■ What you will do
Please quote exactly the lines below from the line containing "(A ^\<^sub>m j) $$ (i, t))" to the line containing "N \<in> carrier_mat", both lines included, and nothing else.

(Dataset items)

---

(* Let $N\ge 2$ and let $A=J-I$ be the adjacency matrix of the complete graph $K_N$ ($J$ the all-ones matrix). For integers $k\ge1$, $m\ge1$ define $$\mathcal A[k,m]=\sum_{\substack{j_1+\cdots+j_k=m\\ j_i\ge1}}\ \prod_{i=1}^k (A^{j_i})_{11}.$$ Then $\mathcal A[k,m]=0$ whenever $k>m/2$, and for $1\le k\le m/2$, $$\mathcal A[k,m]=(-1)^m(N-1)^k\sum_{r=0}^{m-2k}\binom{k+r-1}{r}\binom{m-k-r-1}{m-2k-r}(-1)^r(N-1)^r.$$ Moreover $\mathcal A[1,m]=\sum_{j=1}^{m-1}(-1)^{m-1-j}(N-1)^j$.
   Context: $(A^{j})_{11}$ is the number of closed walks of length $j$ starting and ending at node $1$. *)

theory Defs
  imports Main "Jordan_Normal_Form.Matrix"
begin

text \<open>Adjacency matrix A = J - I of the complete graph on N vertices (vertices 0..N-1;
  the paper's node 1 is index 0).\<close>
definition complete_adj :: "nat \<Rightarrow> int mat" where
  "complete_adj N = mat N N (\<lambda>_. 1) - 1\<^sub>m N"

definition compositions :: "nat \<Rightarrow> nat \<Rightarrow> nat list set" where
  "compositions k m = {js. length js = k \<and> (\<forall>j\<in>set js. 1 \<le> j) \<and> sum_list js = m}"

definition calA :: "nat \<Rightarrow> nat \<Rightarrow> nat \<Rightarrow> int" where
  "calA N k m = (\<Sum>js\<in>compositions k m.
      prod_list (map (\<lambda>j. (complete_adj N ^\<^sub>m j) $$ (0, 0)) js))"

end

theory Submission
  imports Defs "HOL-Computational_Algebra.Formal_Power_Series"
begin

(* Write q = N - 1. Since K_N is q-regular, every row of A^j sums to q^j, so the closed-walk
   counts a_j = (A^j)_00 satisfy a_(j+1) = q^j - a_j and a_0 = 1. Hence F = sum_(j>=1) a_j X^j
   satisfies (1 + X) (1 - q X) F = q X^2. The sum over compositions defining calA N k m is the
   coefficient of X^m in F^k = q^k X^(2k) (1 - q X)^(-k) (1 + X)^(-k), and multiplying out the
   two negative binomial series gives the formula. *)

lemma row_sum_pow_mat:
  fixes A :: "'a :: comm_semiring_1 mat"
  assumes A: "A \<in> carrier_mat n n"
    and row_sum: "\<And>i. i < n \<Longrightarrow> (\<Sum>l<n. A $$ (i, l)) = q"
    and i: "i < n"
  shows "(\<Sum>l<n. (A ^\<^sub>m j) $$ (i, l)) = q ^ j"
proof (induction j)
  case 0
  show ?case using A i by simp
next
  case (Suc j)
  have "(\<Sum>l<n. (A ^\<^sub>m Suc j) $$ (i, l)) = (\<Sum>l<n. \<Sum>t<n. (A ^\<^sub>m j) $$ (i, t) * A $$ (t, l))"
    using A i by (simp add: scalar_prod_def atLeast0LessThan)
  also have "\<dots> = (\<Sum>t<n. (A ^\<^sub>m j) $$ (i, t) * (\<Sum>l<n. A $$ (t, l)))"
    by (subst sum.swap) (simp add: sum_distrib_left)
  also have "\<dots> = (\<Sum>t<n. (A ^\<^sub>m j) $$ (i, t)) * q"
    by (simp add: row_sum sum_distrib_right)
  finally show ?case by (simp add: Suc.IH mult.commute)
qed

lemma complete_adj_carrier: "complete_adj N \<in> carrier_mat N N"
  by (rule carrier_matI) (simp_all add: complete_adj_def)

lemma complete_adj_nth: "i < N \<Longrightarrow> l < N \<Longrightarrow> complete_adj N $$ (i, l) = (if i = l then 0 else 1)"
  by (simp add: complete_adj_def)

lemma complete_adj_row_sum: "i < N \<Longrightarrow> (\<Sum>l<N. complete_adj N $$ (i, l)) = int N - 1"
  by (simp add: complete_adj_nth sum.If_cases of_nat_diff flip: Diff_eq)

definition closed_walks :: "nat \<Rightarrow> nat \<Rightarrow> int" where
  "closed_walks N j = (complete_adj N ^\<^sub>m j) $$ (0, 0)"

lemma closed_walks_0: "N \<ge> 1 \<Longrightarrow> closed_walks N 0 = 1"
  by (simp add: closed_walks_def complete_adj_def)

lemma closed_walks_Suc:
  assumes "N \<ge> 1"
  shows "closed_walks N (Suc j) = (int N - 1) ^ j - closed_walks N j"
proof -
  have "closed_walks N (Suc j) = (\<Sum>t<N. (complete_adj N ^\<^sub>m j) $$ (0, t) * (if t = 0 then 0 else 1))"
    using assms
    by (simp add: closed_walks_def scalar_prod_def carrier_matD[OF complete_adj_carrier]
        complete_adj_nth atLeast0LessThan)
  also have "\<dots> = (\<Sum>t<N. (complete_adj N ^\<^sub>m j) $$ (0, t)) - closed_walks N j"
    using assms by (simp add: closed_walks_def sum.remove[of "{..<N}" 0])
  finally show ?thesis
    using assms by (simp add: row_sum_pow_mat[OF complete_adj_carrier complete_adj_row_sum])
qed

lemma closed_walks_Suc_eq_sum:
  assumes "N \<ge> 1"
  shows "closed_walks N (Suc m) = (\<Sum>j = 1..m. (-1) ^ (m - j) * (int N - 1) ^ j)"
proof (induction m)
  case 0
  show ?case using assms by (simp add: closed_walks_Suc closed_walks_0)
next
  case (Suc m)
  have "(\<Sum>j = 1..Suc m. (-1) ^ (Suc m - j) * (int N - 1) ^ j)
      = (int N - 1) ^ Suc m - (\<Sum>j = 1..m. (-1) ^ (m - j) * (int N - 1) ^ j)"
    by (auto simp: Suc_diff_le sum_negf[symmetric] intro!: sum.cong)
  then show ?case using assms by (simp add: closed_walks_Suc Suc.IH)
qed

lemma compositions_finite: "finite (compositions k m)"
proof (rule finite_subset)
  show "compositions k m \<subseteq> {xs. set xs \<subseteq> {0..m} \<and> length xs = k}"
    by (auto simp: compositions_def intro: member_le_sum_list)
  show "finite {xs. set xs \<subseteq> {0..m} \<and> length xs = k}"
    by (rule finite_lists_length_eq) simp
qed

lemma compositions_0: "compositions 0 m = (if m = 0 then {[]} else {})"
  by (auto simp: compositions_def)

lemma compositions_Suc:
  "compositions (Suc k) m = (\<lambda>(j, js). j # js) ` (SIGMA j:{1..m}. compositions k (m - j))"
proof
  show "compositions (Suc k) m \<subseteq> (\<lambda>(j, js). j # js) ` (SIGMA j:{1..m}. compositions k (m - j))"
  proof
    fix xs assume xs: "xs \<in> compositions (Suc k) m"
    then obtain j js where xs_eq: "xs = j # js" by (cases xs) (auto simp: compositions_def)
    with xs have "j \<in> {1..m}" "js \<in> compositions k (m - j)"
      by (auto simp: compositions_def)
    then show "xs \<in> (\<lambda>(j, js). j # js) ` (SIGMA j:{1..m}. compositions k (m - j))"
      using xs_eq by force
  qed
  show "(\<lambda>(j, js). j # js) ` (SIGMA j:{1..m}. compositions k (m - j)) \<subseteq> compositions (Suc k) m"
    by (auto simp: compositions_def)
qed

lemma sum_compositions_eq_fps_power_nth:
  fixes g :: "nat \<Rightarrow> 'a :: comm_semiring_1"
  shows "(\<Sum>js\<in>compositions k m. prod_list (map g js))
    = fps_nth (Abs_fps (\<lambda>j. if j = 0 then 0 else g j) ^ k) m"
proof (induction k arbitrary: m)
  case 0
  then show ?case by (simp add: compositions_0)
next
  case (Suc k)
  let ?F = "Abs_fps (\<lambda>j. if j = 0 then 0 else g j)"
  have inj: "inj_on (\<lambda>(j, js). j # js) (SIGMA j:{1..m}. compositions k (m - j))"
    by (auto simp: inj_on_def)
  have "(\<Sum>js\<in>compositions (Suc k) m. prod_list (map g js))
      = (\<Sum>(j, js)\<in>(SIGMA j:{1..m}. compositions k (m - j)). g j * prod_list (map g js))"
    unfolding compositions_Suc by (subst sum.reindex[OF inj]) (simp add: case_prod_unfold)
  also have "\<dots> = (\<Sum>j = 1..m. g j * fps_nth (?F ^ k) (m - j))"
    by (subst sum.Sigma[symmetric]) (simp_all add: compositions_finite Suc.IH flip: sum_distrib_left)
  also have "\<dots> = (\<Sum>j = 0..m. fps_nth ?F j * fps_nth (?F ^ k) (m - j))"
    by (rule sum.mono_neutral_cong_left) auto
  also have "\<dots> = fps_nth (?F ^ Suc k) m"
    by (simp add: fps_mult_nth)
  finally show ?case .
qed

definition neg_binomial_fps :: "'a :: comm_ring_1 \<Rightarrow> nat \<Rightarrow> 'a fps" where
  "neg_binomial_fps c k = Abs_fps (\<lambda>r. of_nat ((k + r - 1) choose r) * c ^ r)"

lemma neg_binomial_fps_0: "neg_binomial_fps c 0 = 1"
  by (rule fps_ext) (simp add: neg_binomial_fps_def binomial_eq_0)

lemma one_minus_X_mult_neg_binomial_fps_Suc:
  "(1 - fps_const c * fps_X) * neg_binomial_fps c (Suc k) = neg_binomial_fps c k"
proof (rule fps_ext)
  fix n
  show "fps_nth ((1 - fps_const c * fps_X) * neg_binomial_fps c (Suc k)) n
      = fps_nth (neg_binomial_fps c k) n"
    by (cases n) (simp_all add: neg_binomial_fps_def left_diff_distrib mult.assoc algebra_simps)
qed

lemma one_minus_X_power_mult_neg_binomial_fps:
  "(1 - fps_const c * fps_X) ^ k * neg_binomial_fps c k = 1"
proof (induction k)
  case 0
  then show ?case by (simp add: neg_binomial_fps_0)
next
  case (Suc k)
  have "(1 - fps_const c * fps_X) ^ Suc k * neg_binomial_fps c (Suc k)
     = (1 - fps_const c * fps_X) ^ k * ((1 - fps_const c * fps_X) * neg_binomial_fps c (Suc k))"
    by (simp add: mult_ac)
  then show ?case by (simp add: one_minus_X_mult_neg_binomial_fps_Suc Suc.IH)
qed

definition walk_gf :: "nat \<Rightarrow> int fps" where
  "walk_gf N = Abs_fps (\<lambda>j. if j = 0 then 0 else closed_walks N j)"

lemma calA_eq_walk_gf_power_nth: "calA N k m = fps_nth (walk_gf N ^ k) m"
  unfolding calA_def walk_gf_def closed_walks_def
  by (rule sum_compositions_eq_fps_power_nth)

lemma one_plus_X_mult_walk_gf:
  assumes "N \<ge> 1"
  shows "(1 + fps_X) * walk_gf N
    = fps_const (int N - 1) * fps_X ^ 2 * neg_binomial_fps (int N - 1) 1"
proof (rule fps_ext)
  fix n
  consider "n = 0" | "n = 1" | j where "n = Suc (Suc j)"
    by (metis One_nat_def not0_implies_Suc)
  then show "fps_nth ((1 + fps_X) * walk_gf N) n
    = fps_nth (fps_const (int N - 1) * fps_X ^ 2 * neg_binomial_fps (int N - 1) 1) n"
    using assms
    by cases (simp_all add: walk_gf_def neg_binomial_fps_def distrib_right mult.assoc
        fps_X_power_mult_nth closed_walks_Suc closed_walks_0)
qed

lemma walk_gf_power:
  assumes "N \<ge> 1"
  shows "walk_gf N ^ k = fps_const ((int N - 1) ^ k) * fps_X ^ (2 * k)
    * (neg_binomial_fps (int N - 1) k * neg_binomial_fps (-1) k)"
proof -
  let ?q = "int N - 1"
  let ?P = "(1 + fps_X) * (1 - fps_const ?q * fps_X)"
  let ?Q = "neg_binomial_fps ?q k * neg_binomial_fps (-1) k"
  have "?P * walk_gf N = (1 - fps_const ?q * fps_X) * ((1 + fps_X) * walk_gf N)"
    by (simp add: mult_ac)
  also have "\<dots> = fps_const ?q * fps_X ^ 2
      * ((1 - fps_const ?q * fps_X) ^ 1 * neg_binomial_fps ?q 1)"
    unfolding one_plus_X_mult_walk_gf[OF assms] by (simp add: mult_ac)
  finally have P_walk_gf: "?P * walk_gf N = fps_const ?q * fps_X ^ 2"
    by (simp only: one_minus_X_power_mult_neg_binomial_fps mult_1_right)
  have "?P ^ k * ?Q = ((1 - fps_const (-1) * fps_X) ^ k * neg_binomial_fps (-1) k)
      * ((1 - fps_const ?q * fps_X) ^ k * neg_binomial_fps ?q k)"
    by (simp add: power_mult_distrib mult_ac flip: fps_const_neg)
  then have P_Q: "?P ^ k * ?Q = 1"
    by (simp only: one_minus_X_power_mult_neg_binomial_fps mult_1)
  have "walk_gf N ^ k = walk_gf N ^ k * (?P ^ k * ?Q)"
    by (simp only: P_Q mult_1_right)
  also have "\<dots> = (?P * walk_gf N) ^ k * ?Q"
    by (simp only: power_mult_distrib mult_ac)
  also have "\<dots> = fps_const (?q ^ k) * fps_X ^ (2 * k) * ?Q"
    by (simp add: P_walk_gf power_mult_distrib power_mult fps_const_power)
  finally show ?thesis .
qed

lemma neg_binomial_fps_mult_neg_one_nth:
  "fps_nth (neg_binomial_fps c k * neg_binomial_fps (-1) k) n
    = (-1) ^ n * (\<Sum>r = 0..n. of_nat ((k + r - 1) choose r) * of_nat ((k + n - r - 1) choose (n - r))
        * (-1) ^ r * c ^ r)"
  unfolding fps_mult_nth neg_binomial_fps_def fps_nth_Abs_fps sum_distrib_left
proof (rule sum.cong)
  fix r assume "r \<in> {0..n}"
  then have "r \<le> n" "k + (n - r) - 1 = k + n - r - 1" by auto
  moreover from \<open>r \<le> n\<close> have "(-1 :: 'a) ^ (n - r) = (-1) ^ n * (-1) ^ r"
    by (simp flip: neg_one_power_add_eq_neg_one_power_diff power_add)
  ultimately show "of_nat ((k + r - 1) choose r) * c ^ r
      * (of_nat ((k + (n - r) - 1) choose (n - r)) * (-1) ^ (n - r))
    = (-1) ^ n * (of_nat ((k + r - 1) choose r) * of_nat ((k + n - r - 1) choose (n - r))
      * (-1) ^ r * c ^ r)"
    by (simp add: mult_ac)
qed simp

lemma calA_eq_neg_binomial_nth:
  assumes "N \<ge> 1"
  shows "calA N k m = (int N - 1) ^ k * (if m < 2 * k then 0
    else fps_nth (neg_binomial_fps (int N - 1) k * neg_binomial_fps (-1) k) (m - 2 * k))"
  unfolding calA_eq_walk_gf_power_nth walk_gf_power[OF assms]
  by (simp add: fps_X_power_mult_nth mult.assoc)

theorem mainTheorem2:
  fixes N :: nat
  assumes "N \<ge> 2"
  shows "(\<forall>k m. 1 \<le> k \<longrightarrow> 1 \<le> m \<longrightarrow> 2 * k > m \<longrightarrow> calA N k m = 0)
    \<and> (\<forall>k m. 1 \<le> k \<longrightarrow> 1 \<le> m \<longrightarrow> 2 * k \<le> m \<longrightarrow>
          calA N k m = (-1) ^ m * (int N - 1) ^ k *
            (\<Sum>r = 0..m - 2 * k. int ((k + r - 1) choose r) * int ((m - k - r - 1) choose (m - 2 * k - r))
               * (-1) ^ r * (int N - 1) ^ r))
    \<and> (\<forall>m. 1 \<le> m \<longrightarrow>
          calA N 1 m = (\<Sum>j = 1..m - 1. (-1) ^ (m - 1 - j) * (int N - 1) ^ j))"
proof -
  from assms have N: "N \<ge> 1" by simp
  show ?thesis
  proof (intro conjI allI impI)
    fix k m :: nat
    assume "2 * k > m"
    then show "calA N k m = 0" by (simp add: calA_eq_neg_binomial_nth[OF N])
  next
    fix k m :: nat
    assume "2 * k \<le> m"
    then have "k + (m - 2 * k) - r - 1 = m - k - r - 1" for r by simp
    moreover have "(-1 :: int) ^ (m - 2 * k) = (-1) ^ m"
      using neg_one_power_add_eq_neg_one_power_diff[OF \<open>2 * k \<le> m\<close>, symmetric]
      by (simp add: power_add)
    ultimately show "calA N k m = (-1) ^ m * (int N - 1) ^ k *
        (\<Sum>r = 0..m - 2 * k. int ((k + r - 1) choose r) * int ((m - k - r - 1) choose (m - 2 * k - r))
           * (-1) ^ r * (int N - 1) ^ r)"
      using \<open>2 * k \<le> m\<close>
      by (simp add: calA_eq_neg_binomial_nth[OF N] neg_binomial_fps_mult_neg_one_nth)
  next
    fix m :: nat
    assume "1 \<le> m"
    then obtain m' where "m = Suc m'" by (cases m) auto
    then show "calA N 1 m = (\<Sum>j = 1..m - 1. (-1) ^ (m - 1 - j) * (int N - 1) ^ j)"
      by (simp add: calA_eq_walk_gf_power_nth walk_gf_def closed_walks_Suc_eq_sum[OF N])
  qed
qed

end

---

■ Problem solution
  also have "\<dots> = (\<Sum>t<n. (A ^\<^sub>m j) $$ (i, t)) * q"
    by (simp add: row_sum sum_distrib_right)
  finally show ?case by (simp add: Suc.IH mult.commute)
qed

lemma complete_adj_carrier: "complete_adj N \<in> carrier_mat N N"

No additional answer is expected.